The Three Running Examples (used in every section)
To keep comparisons clean, I will score the same three exemplars throughout:
- N1 (Neutral / shared logic): Socrates syllogism
P1. All humans are mortal.
P2. Socrates is human.
C. Therefore, Socrates is mortal. - T1 (Theistic): Kalam Cosmological Argument (deductive form)
P1. Whatever begins to exist has a cause.
P2. The universe began to exist.
C. Therefore, the universe has a cause.⁴ - A1 (Atheistic): Problem of Evil (gratuitous evil form)
P1. If an omnipotent, omniscient, omnibenevolent God exists, then gratuitous evil does not exist.
P2. Gratuitous evil exists.
C. Therefore, such a God does not exist.⁵
Criterion 1 — Logical Soundness (core, ×2)
Question: Is the argument’s form valid (deduction) or appropriately strong (induction/abduction) without a formal fallacy?

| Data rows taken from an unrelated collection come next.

lemma laplacian_apply:
  assumes "u \<in> V"
  shows "(\<Sum>v\<in>V. laplacian V adj u v * y v) = (\<Sum>v\<in>V. if adj u v then y u - y v else 0)"
proof -
  have "(\<Sum>v\<in>V. laplacian V adj u v * y v)
      = (\<Sum>v\<in>V. (if v = u then real (gdeg V adj u) * y u else 0) - (if adj u v then y v else 0))"
    using assms adj_irrefl by (intro sum.cong) (auto simp: laplacian_def)
  also have "\<dots> = real (gdeg V adj u) * y u - (\<Sum>v\<in>V. if adj u v then y v else 0)"
    using finite_vertices assms by (simp add: sum_subtractf)
  also have "real (gdeg V adj u) * y u = (\<Sum>v\<in>V. if adj u v then y u else 0)"
    using finite_vertices by (simp add: gdeg_def sum.inter_filter[symmetric])
  finally show ?thesis
    by (simp add: sum_subtractf[symmetric] if_distrib cong: if_cong)
qed

lemma laplacian_quadratic_form:
  "(\<Sum>u\<in>V. x u * (\<Sum>v\<in>V. laplacian V adj u v * y v)) = dirichlet_form V adj x y"
proof -
  define S where "S = (\<Sum>u\<in>V. \<Sum>v\<in>V. if adj u v then x u * (y u - y v) else 0)"
  have S_eq: "(\<Sum>u\<in>V. x u * (\<Sum>v\<in>V. laplacian V adj u v * y v)) = S"
    unfolding S_def by (intro sum.cong refl) (auto simp: laplacian_apply sum_distrib_left intro!: sum.cong)
  \<comment> \<open>By symmetry of adj, S is also the same sum with x u replaced by - x v.\<close>
  have S_swap: "S = (\<Sum>u\<in>V. \<Sum>v\<in>V. if adj u v then - (x v * (y u - y v)) else 0)"
    unfolding S_def by (subst sum.swap) (intro sum.cong refl, auto simp: algebra_simps dest: adj_sym)
  have "S + S = 2 * dirichlet_form V adj x y"
    unfolding dirichlet_form_def
    by (subst (2) S_swap) (simp add: S_def flip: sum.distrib, intro sum.cong refl, simp add: algebra_simps)
  then show ?thesis
    using S_eq by simp
qed

lemma laplacian_kernel:
  assumes "\<forall>u\<in>V. (\<Sum>w\<in>V. laplacian V adj u w * x w) = 0" and "u \<in> V" "v \<in> V"
  shows "x u = x v"
proof (rule connected[OF _ assms(2,3)])
  fix u v assume uv: "u \<in> V" "v \<in> V" "adj u v"
  have "dirichlet_form V adj x x = 0"
    using laplacian_quadratic_form[of x x] assms(1) by simp
  then have "(\<Sum>p\<in>{p \<in> V \<times> V. adj (fst p) (snd p)}. (x (fst p) - x (snd p)) * (x (fst p) - x (snd p))) = 0"
    using finite_vertices by (simp add: dirichlet_form_edge_sum)
  then have "(x u - x v) * (x u - x v) = 0"
    using finite_vertices uv by (subst (asm) sum_nonneg_eq_0_iff) auto
  then show "x u = x v"
    by simp
qed

lemma mmul_laplacian_pinv:
  assumes "u \<in> V" "v \<in> V"
  shows "mmul V (laplacian V adj) (pinv V (laplacian V adj)) u v = of_bool (u = v) - 1 / real (card V)"
proof (rule mmul_pinv_of_constant_kernel[OF finite_vertices _ _ _ assms])
  show "laplacian V adj i j = laplacian V adj j i" for i j
    by (auto simp: laplacian_def dest: adj_sym)
  show "(\<Sum>j\<in>V. laplacian V adj i j) = 0" if "i \<in> V" for i
    using laplacian_apply[OF that, of "\<lambda>_. 1"] by (simp cong: if_cong)
qed (use laplacian_kernel in blast)

lemma eff_res_potential:
  assumes s: "s \<in> V" and t: "t \<in> V"
  obtains \<phi> where "eff_res V adj s t = dirichlet_form V adj \<phi> \<phi>"
    and "\<And>\<psi>. \<psi> s - \<psi> t = dirichlet_form V adj \<psi> \<phi>"
proof -
  define L where "L = laplacian V adj"
  define P where "P = pinv V L"
  define b where "b u = (if u = s then 1 else 0) - (if u = t then 1 else 0 :: real)" for u
  define \<phi> where "\<phi> w = (\<Sum>v\<in>V. P w v * b v)" for w
  have sum_b: "(\<Sum>v\<in>V. b v) = 0"
    using finite_vertices s t by (simp add: b_def sum_subtractf)
  have L\<phi>: "(\<Sum>w\<in>V. L u w * \<phi> w) = b u" if u: "u \<in> V" for u
  proof -
    have "(\<Sum>w\<in>V. L u w * \<phi> w) = (\<Sum>v\<in>V. mmul V L P u v * b v)"
      unfolding \<phi>_def mmul_def
      by (simp add: sum_distrib_left sum_distrib_right mult.assoc) (rule sum.swap)
    also have "\<dots> = (\<Sum>v\<in>V. (of_bool (u = v) - 1 / real (card V)) * b v)"
      using u by (intro sum.cong) (simp_all add: L_def P_def mmul_laplacian_pinv)
    also have "\<dots> = b u"
      using finite_vertices u sum_b by (simp add: left_diff_distrib sum_subtractf flip: sum_divide_distrib)
    finally show ?thesis .
  qed
  have energy: "(\<Sum>u\<in>V. \<psi> u * b u) = dirichlet_form V adj \<psi> \<phi>" for \<psi>
    using laplacian_quadratic_form[of \<psi> \<phi>] L\<phi> by (simp add: L_def)
  have pairing: "(\<Sum>u\<in>V. \<psi> u * b u) = \<psi> s - \<psi> t" for \<psi>
  proof -
    have "(\<Sum>u\<in>V. \<psi> u * b u) = (\<Sum>u\<in>V. (if u = s then \<psi> u else 0) - (if u = t then \<psi> u else 0))"
      by (intro sum.cong) (auto simp: b_def)
    then show ?thesis
      using finite_vertices s t by (simp add: sum_subtractf)
  qed
  have "eff_res V adj s t = (\<Sum>u\<in>V. \<phi> u * b u)"
    unfolding eff_res_def Let_def \<phi>_def P_def L_def[symmetric] b_def[symmetric]
    by (simp add: sum_distrib_left sum_distrib_right mult_ac)
  then show thesis
    using that[of \<phi>] energy pairing by simp
qed

lemma eff_res_le_inverse:
  assumes "s \<in> V" "t \<in> V" and bound: "\<And>x. K * (x s - x t)\<^sup>2 \<le> dirichlet_form V adj x x"
  shows "K * eff_res V adj s t \<le> 1"
proof -
  obtain \<phi> where r_eq: "eff_res V adj s t = dirichlet_form V adj \<phi> \<phi>"
    and pot: "\<And>\<psi>. \<psi> s - \<psi> t = dirichlet_form V adj \<psi> \<phi>"
    using eff_res_potential[OF assms(1,2)] by blast
  define r where "r = eff_res V adj s t"
  have "K * r\<^sup>2 \<le> r"
    using bound[of \<phi>] pot[of \<phi>] r_eq by (simp add: r_def)
  moreover have "0 \<le> r"
    using r_eq dirichlet_form_nonneg by (simp add: r_def)
  ultimately show ?thesis
    by (cases "r = 0") (auto simp: r_def power2_eq_square mult.assoc[symmetric] mult_le_cancel_right)
qed

lemma eff_res_ge_test_function:
  assumes "s \<in> V" "t \<in> V"
  shows "(\<psi> s - \<psi> t)\<^sup>2 \<le> dirichlet_form V adj \<psi> \<psi> * eff_res V adj s t"
proof -
  obtain \<phi> where "eff_res V adj s t = dirichlet_form V adj \<phi> \<phi>"
    and "\<And>\<psi>. \<psi> s - \<psi> t = dirichlet_form V adj \<psi> \<phi>"
    using eff_res_potential[OF assms] by blast
  then show ?thesis
    using dirichlet_form_Cauchy_Schwarz[OF finite_vertices, of adj \<psi> \<phi>] by simp
qed

end

section \<open>Regular expanders\<close>

locale regular_expander =
  fixes S :: "nat set" and E :: "nat \<Rightarrow> nat \<Rightarrow> bool" and d :: nat and \<gamma> :: real
  assumes finite_S: "finite S"
    and E_sym: "E u v \<Longrightarrow> E v u"
    and E_irrefl: "\<not> E u u"
    and regular: "u \<in> S \<Longrightarrow> card {v \<in> S. E u v} = d"
    and degree_pos: "0 < d"
    and gap: "\<gamma> \<le> spectral_gap S E"
begin

lemma sum_neighbours:
  "(\<Sum>u\<in>S. \<Sum>v\<in>S. if E u v then h u else 0) = real d * (\<Sum>u\<in>S. h u)"
    "(\<Sum>u\<in>S. \<Sum>v\<in>S. if E u v then h v else 0) = real d * (\<Sum>u\<in>S. h u)"
proof -
  show first: "(\<Sum>u\<in>S. \<Sum>v\<in>S. if E u v then h u else 0) = real d * (\<Sum>u\<in>S. h u)" for h :: "nat \<Rightarrow> real"
    using finite_S regular by (simp add: sum.inter_filter[symmetric] sum_distrib_left)
  have "(\<Sum>u\<in>S. \<Sum>v\<in>S. if E u v then h v else 0) = (\<Sum>v\<in>S. \<Sum>u\<in>S. if E v u then h v else 0)"
    by (subst sum.swap) (auto intro!: sum.cong dest: E_sym)
  then show "(\<Sum>u\<in>S. \<Sum>v\<in>S. if E u v then h v else 0) = real d * (\<Sum>u\<in>S. h u)"
    using first by simp
qed

lemma norm_laplacian_quadratic_form:
  "(\<Sum>u\<in>S. \<Sum>v\<in>S. f u * norm_laplacian S E u v * f v) = dirichlet_form S E f f / d"
proof -
  define T where "T = (\<Sum>u\<in>S. \<Sum>v\<in>S. if E u v then f u * f v else 0)"
  have "f u * norm_laplacian S E u v * f v
      = (if u = v then (f u)\<^sup>2 else 0) - (if E u v then f u * f v else 0) / d"
    if "u \<in> S" "v \<in> S" for u v
    using that regular degree_pos E_irrefl by (auto simp: norm_laplacian_def gdeg_def power2_eq_square)
  then have "(\<Sum>u\<in>S. \<Sum>v\<in>S. f u * norm_laplacian S E u v * f v)
      = (\<Sum>u\<in>S. \<Sum>v\<in>S. (if u = v then (f u)\<^sup>2 else 0) - (if E u v then f u * f v else 0) / d)"
    by (intro sum.cong) auto
  also have "\<dots> = (\<Sum>u\<in>S. (f u)\<^sup>2) - T / d"
    using finite_S by (simp add: T_def sum_subtractf sum_divide_distrib)
  finally have "(\<Sum>u\<in>S. \<Sum>v\<in>S. f u * norm_laplacian S E u v * f v) = (\<Sum>u\<in>S. (f u)\<^sup>2) - T / d" .
  moreover have "2 * dirichlet_form S E f f = 2 * d * (\<Sum>u\<in>S. (f u)\<^sup>2) - 2 * T"
  proof -
    have "2 * dirichlet_form S E f f = (\<Sum>u\<in>S. \<Sum>v\<in>S. if E u v then (f u - f v) * (f u - f v) else 0)"
      by (simp add: dirichlet_form_def)
    also have "\<dots> = (\<Sum>u\<in>S. \<Sum>v\<in>S.
        (if E u v then (f u)\<^sup>2 else 0) + (if E u v then (f v)\<^sup>2 else 0) - 2 * (if E u v then f u * f v else 0))"
      by (intro sum.cong refl) (simp add: power2_eq_square algebra_simps)
    finally show ?thesis
      by (simp add: sum.distrib sum_subtractf sum_neighbours T_def sum_distrib_left mult.assoc)
  qed
  ultimately show ?thesis
    using degree_pos by (simp add: field_simps)
qed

Logical soundness in CCS is strictly about structure, not content. You may deny a premise or dislike the conclusion; neither changes the form score.
Anchors (1 / 5 / 10).
1 = clear formal error (affirming the consequent, undistributed middle, equivocation on a load-bearing term).
5 = largely valid/repairable but with a suppressed bridge or structural ambiguity that must be made explicit.
10 = cleanly valid (or clearly specified inductive/abductive scheme), no detected formal fallacy.
Worked scoring
- N1 (Socrates) — 10/10. A textbook categorical syllogism; no fallacy.
- T1 (Kalam) — 10/10. As stated, this is modus ponens:
- Begins-to-exist ⇒ has a cause; 2) The universe begins-to-exist; therefore 3) The universe has a cause.
Disputes about the meaning of cause or whether the universe began belong under Truth of Premises or Communicability, not here.
- Begins-to-exist ⇒ has a cause; 2) The universe begins-to-exist; therefore 3) The universe has a cause.
- A1 (Problem of Evil) — 10/10. In this framing, the argument is modus tollens:
- If G, then ¬(gratuitous evil); 2) (gratuitous evil); therefore 3) ¬G.
The structure is valid. Debates focus on the conditional in P1 and the status of “gratuitous,” which are premise and scope questions.
- If G, then ¬(gratuitous evil); 2) (gratuitous evil); therefore 3) ¬G.
Diagnostic notes
- Separate form from content. If you find yourself arguing over “cause,” “begins,” or “gratuitous,” you’re outside Criterion 1.
- Hidden-premise check. If validity depends on an unstated bridge (“From ‘no good known to us’ ⇒ ‘no good at all’”), mark 5–8 and name the missing step.
- Equivocation scan. The same word used in two senses across premises (e.g., cause as sustaining vs. originating) lowers the score.
- Inductive arguments. If an argument is explicitly inductive, assess the inference pattern (proper use of likelihoods), not the premises’ truth.
How to raise the score
- Define the key terms once at the top.
- Add any bridge premise needed for entailment or strong support.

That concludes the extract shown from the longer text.